Start at the line below containing "x [^]\<^bsub>G\<^esub> n" and stop at the line containing "monoid_scheme \<Rightarrow> ('a". Repeat every line of that stretch exactly, and nothing outside it.

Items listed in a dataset

⟨

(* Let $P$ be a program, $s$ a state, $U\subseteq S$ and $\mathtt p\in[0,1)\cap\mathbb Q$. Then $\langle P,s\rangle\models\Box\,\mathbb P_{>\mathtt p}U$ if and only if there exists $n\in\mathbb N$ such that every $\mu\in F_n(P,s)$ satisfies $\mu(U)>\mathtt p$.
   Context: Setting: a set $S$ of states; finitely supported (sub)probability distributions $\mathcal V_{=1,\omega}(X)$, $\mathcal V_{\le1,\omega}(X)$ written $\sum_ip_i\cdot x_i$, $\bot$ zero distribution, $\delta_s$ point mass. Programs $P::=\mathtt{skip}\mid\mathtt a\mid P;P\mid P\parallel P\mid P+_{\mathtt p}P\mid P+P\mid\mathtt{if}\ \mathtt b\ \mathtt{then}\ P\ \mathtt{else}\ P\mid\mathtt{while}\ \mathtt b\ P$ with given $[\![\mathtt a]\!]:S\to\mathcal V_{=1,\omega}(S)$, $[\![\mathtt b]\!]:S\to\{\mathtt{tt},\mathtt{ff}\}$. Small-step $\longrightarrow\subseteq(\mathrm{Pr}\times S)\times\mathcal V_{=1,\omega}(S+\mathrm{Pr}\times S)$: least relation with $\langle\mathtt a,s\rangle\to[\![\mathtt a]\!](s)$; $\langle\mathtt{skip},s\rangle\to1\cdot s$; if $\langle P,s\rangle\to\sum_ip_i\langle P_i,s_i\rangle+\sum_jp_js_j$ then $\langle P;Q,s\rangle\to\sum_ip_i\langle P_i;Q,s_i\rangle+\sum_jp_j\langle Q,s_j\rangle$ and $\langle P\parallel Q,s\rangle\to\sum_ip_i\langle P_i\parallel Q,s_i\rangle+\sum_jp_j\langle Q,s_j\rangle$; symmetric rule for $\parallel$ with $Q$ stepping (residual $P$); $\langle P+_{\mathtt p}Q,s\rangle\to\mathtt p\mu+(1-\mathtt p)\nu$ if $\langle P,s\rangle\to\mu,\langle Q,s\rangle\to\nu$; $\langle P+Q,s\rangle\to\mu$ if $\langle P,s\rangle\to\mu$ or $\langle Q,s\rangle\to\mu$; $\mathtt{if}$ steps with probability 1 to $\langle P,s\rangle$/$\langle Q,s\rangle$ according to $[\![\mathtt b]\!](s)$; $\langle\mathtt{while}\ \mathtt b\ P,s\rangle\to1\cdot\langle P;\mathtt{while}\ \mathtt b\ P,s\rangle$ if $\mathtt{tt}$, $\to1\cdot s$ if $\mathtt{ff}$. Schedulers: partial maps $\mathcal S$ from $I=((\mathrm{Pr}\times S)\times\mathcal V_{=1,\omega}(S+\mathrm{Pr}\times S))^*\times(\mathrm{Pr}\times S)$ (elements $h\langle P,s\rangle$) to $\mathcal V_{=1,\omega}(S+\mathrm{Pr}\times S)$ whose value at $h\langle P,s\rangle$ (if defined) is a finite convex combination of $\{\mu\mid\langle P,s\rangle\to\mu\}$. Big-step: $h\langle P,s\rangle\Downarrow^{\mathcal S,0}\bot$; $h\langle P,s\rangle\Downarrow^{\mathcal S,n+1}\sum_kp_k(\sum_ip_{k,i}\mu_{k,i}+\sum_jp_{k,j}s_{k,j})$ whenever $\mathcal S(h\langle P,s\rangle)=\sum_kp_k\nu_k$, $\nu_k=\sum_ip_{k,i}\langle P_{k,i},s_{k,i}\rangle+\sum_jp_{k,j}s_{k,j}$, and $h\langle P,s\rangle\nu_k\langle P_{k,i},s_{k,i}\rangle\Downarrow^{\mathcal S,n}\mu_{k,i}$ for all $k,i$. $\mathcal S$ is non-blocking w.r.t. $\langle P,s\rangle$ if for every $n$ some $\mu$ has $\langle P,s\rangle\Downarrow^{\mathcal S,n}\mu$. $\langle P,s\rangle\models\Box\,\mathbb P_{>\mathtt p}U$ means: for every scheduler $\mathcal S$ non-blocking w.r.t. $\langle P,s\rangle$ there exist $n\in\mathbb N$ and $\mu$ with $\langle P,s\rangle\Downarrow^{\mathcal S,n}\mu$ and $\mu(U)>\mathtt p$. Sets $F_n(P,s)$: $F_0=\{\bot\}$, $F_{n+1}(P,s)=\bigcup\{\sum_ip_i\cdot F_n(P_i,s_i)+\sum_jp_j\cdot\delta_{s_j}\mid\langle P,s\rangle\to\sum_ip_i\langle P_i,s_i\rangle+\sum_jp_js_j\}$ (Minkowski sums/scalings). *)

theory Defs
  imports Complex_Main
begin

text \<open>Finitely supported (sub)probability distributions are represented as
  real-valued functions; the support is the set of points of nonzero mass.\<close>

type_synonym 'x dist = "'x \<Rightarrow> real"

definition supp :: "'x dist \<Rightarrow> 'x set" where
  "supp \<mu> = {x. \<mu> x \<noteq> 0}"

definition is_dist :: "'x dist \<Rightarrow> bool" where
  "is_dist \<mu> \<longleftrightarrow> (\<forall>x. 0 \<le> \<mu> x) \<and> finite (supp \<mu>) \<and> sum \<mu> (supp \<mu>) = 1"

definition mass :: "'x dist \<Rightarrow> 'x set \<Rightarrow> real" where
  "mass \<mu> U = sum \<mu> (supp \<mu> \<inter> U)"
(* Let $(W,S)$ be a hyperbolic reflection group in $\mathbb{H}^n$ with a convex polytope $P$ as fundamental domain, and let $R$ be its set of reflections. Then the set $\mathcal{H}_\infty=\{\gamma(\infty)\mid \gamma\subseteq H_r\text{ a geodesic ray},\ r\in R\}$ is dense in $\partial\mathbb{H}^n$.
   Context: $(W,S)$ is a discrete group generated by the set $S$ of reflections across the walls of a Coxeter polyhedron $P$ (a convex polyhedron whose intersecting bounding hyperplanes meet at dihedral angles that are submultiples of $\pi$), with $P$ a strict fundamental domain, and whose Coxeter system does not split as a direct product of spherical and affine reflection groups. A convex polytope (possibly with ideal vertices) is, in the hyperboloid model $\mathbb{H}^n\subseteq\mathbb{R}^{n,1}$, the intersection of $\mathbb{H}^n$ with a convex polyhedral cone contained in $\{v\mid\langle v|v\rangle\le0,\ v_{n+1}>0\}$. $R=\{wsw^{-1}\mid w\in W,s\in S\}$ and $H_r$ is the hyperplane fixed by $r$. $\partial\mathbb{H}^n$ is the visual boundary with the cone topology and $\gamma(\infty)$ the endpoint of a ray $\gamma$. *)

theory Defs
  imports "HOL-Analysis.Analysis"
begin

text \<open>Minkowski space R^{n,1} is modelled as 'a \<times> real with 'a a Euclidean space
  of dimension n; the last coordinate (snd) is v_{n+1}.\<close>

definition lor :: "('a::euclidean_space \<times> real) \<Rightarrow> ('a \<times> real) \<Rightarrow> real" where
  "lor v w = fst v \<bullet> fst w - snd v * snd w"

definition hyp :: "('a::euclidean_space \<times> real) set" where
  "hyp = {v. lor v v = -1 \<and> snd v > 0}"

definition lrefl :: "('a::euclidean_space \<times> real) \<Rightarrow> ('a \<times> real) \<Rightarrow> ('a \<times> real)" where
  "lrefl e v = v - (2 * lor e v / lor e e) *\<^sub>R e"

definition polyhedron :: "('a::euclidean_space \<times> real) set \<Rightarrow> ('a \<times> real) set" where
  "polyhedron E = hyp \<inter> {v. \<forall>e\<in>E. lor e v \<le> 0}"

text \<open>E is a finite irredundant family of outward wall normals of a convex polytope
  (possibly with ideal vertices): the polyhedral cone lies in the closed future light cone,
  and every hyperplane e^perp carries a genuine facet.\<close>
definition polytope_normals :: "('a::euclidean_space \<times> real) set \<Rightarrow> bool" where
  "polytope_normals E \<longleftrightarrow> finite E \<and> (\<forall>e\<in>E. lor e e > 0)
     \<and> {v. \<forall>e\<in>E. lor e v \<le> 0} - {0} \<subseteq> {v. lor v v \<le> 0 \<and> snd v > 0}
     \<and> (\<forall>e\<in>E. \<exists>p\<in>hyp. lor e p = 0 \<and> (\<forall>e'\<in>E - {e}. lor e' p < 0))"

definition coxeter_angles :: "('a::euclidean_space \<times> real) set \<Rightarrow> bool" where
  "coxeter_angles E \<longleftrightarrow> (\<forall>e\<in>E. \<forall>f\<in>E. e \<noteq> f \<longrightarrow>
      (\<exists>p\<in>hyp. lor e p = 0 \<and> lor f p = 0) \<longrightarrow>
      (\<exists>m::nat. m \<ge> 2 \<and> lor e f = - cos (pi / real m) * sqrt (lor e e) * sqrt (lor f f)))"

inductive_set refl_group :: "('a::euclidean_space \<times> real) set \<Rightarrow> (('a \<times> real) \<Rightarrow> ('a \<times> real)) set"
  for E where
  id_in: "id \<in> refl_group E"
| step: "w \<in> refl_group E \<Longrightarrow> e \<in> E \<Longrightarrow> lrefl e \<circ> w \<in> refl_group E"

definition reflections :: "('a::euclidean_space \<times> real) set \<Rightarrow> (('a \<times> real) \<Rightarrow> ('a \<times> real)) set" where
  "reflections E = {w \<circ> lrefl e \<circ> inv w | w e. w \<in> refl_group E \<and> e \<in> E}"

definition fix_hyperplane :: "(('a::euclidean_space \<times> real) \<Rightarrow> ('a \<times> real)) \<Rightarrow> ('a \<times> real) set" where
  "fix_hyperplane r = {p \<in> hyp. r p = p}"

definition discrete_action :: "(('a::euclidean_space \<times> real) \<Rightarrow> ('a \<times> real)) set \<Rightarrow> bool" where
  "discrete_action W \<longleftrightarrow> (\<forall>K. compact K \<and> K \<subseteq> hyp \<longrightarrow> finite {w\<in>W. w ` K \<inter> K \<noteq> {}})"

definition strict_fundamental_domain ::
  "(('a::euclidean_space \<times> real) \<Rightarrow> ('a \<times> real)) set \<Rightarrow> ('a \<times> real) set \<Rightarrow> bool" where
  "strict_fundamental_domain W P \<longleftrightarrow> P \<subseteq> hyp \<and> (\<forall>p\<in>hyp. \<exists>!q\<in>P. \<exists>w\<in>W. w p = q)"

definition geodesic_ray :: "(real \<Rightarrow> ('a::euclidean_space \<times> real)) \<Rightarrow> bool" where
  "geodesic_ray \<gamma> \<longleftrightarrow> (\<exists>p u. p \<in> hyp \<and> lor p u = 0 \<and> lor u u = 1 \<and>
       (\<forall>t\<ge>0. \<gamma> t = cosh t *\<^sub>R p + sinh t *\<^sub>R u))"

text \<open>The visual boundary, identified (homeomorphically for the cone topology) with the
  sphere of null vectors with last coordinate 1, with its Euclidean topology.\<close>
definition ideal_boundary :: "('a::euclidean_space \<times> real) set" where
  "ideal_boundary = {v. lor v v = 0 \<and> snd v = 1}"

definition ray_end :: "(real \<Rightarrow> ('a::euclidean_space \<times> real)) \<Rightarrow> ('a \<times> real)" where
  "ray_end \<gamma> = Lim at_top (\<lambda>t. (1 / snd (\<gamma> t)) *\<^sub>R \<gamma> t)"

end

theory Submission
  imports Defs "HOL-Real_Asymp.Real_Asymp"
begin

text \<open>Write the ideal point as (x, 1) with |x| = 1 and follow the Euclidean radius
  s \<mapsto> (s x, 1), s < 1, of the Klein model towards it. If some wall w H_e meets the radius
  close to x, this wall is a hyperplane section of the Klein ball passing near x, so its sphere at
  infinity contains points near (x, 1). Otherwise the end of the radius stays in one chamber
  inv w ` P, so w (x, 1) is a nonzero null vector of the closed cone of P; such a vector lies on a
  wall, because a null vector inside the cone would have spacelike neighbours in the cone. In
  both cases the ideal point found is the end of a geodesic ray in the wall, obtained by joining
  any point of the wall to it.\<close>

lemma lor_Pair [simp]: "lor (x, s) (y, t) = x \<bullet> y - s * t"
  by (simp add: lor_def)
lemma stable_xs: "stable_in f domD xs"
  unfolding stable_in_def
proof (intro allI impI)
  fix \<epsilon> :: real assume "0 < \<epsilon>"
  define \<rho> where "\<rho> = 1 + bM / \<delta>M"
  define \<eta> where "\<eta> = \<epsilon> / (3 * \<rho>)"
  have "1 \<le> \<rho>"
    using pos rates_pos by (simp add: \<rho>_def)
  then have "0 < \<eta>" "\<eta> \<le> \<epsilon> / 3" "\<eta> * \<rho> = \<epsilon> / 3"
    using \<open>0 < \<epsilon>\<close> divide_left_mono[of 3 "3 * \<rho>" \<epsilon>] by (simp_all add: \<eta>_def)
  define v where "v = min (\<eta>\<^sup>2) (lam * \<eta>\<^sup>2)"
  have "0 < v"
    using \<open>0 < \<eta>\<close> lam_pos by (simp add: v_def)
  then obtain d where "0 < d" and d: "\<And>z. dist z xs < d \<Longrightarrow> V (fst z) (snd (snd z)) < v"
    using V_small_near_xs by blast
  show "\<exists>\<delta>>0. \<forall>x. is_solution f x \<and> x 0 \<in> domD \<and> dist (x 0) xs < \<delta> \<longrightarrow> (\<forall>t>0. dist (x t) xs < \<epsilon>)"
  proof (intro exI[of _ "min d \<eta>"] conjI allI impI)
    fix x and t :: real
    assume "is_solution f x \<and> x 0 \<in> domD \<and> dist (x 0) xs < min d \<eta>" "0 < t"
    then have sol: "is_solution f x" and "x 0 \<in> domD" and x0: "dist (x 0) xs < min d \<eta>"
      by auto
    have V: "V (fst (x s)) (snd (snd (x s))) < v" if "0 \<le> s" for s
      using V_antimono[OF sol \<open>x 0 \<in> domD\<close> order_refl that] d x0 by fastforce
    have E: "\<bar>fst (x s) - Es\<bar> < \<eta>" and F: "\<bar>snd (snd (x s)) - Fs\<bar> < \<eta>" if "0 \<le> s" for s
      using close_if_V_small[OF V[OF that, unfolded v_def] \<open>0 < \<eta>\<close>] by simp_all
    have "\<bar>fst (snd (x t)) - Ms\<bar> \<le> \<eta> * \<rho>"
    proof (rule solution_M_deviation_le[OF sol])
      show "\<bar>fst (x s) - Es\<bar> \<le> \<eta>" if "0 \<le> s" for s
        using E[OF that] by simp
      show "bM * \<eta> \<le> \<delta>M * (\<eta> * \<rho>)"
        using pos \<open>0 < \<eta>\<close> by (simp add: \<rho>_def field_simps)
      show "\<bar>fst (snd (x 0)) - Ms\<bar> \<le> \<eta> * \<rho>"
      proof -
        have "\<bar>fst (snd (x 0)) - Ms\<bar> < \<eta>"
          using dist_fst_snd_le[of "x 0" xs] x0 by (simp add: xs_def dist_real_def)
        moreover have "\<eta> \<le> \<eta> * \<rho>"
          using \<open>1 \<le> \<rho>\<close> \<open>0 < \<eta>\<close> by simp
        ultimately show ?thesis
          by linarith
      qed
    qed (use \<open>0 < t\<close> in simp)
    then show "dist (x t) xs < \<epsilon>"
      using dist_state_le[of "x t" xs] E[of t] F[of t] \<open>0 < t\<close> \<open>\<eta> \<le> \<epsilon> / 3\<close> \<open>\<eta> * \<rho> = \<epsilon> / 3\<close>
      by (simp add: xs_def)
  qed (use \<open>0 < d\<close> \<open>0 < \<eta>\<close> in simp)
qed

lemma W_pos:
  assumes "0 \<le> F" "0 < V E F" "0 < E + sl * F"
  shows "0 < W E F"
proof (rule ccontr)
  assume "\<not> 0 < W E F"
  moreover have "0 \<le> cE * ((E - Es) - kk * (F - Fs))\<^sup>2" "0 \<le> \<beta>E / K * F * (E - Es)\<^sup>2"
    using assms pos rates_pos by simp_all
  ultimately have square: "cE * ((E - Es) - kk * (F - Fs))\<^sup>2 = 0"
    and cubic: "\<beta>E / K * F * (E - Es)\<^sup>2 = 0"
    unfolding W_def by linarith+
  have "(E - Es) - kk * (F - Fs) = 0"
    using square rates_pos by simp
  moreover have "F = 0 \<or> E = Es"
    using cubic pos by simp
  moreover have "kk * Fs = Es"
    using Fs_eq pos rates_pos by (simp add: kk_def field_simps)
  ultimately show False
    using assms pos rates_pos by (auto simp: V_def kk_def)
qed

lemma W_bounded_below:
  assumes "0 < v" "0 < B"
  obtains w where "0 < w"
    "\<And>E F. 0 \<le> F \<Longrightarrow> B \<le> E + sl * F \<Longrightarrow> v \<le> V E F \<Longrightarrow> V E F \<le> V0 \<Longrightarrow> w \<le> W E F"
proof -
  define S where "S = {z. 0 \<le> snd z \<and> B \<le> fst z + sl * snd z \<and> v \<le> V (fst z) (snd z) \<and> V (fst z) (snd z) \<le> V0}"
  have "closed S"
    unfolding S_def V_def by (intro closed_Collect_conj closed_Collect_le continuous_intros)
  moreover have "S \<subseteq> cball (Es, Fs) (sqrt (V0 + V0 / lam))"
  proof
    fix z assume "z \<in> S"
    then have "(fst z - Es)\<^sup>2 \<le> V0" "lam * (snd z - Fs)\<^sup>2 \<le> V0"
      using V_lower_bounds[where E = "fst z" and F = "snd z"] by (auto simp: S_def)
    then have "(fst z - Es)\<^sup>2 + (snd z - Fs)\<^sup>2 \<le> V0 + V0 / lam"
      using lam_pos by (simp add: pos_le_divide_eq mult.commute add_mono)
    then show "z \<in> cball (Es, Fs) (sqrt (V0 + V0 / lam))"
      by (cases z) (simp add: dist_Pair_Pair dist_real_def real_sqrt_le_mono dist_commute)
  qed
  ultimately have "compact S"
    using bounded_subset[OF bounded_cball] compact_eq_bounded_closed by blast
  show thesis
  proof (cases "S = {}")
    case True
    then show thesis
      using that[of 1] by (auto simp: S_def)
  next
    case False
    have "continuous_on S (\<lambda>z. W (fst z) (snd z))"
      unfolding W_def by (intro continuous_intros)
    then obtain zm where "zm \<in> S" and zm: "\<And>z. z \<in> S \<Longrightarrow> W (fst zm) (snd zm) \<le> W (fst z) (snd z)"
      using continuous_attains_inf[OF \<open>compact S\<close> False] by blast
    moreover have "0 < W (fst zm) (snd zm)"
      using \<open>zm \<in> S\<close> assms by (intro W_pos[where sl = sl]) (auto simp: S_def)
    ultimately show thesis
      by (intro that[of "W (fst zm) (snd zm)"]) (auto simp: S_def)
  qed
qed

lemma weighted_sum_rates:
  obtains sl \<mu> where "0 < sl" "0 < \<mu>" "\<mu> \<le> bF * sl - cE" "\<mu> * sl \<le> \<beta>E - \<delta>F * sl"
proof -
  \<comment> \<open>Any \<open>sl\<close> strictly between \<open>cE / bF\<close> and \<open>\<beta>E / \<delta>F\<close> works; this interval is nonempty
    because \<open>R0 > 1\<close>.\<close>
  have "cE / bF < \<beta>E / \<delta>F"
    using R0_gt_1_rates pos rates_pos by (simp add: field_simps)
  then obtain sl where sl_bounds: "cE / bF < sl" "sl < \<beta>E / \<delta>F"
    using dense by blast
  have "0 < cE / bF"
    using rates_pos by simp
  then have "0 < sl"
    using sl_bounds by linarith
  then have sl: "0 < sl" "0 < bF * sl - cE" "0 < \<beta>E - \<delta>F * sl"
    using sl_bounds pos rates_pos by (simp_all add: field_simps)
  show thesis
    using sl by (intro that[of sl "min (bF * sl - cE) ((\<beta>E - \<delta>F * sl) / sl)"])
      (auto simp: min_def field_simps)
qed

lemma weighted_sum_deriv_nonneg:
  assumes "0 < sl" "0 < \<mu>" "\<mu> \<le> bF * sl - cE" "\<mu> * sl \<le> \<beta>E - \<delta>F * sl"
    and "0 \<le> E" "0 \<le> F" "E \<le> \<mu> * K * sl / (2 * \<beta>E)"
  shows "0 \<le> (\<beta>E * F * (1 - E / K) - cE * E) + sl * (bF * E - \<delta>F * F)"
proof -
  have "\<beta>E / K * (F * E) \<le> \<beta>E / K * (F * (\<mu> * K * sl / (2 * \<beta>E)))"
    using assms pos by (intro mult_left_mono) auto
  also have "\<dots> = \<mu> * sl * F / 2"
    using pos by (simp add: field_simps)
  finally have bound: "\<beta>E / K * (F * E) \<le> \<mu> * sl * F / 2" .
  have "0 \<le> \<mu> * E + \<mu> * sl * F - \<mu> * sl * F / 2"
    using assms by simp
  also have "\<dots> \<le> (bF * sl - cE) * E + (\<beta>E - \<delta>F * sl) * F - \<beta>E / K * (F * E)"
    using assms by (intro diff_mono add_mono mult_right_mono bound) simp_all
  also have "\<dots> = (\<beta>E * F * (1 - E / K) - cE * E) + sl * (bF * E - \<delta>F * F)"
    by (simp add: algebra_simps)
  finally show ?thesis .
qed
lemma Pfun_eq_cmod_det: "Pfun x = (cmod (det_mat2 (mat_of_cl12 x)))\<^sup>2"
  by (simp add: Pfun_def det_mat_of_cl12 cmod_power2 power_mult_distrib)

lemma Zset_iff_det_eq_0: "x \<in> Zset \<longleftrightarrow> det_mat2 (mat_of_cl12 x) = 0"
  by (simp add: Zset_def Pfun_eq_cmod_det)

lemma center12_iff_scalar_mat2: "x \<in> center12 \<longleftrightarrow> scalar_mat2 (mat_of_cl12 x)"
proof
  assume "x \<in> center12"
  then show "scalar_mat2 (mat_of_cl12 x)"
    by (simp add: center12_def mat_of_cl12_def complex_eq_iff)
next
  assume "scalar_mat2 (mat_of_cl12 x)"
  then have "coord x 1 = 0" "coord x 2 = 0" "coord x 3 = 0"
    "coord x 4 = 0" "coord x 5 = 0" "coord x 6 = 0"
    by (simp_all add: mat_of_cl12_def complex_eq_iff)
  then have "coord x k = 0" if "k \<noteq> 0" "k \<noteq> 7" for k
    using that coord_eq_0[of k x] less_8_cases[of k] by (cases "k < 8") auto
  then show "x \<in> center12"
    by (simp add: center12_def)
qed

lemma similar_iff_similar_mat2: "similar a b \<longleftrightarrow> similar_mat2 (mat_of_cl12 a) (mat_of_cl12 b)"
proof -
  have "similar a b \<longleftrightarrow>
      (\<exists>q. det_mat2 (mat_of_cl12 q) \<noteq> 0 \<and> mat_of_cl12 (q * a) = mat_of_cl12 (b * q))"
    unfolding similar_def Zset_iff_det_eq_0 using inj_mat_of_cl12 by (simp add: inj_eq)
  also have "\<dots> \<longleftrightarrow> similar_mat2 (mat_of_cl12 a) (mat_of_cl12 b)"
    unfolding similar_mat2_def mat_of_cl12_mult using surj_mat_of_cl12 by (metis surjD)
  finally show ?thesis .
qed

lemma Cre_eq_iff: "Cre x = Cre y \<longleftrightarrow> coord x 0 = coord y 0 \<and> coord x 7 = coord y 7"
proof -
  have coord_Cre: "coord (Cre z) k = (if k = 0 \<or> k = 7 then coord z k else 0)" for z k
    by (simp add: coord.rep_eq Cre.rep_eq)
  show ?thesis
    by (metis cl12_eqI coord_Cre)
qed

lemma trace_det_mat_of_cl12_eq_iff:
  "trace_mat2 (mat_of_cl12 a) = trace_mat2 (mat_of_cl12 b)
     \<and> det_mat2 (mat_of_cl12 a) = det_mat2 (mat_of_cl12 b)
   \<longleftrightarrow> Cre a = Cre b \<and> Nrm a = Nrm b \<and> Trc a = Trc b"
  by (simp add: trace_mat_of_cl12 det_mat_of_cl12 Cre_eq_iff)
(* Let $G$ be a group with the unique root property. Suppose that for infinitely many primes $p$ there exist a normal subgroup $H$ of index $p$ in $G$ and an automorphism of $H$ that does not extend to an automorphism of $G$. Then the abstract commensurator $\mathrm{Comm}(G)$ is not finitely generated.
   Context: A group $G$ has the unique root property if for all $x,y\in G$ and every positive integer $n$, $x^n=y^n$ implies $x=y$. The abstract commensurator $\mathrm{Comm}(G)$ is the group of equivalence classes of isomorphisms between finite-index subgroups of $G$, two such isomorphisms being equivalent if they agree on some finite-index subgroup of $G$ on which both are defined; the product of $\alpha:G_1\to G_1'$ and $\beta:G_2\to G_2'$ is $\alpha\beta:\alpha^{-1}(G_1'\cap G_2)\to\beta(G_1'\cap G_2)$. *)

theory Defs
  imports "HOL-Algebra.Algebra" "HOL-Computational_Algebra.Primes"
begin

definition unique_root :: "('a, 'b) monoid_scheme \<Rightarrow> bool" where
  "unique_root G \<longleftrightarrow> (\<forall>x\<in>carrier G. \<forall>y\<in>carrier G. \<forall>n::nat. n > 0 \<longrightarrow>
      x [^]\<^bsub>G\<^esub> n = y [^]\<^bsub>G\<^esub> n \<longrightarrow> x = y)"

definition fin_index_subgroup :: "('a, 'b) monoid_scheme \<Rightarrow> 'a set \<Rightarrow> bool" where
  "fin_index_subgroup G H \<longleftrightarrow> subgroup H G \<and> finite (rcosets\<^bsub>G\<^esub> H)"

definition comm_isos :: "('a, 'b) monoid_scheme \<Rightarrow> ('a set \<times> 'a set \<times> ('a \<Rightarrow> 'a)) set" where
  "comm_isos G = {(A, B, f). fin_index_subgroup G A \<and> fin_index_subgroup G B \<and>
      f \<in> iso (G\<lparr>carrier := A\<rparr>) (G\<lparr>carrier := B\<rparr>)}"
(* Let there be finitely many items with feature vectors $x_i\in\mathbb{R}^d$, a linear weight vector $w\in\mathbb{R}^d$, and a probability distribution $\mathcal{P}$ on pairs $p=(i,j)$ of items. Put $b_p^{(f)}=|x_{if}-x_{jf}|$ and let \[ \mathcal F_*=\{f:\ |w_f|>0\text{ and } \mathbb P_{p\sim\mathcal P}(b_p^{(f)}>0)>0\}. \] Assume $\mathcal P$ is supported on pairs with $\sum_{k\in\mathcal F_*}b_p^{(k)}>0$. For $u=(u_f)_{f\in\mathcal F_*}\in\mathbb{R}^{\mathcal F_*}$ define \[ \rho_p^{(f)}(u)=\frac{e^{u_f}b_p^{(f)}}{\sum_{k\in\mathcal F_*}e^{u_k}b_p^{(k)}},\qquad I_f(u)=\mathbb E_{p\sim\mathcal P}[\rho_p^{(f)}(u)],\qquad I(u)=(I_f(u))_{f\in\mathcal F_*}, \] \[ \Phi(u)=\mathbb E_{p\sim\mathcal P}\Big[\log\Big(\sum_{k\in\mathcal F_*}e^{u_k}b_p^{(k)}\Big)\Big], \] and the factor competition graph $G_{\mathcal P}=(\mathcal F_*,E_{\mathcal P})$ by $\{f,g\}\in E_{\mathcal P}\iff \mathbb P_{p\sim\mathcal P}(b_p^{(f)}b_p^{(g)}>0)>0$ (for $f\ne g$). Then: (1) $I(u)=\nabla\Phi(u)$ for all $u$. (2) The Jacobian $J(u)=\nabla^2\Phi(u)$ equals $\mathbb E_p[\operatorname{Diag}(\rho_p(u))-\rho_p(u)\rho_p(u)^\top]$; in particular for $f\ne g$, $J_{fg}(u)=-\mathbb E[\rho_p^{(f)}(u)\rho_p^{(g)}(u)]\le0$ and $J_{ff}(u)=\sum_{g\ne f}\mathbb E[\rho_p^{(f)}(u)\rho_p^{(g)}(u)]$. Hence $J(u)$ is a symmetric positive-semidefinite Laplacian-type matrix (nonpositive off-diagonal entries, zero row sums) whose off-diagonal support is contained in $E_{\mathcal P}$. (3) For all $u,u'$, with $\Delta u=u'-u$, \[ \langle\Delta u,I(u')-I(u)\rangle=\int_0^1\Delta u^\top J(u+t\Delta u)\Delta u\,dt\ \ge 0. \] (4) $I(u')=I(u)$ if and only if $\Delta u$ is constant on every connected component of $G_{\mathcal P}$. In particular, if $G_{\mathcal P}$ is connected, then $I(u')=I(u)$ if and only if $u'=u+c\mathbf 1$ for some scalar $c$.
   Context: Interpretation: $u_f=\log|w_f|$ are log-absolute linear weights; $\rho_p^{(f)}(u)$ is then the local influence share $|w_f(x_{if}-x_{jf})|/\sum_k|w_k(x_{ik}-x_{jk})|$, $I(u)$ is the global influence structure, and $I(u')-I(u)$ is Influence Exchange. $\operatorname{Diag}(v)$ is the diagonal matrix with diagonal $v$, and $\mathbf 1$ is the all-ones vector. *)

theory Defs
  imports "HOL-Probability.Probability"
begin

⟩

### RESULT
      x [^]\<^bsub>G\<^esub> n = y [^]\<^bsub>G\<^esub> n \<longrightarrow> x = y)"

definition fin_index_subgroup :: "('a, 'b) monoid_scheme \<Rightarrow> 'a set \<Rightarrow> bool" where
  "fin_index_subgroup G H \<longleftrightarrow> subgroup H G \<and> finite (rcosets\<^bsub>G\<^esub> H)"

definition comm_isos :: "('a, 'b) monoid_scheme \<Rightarrow> ('a set \<times> 'a set \<times> ('a \<Rightarrow> 'a)) set" where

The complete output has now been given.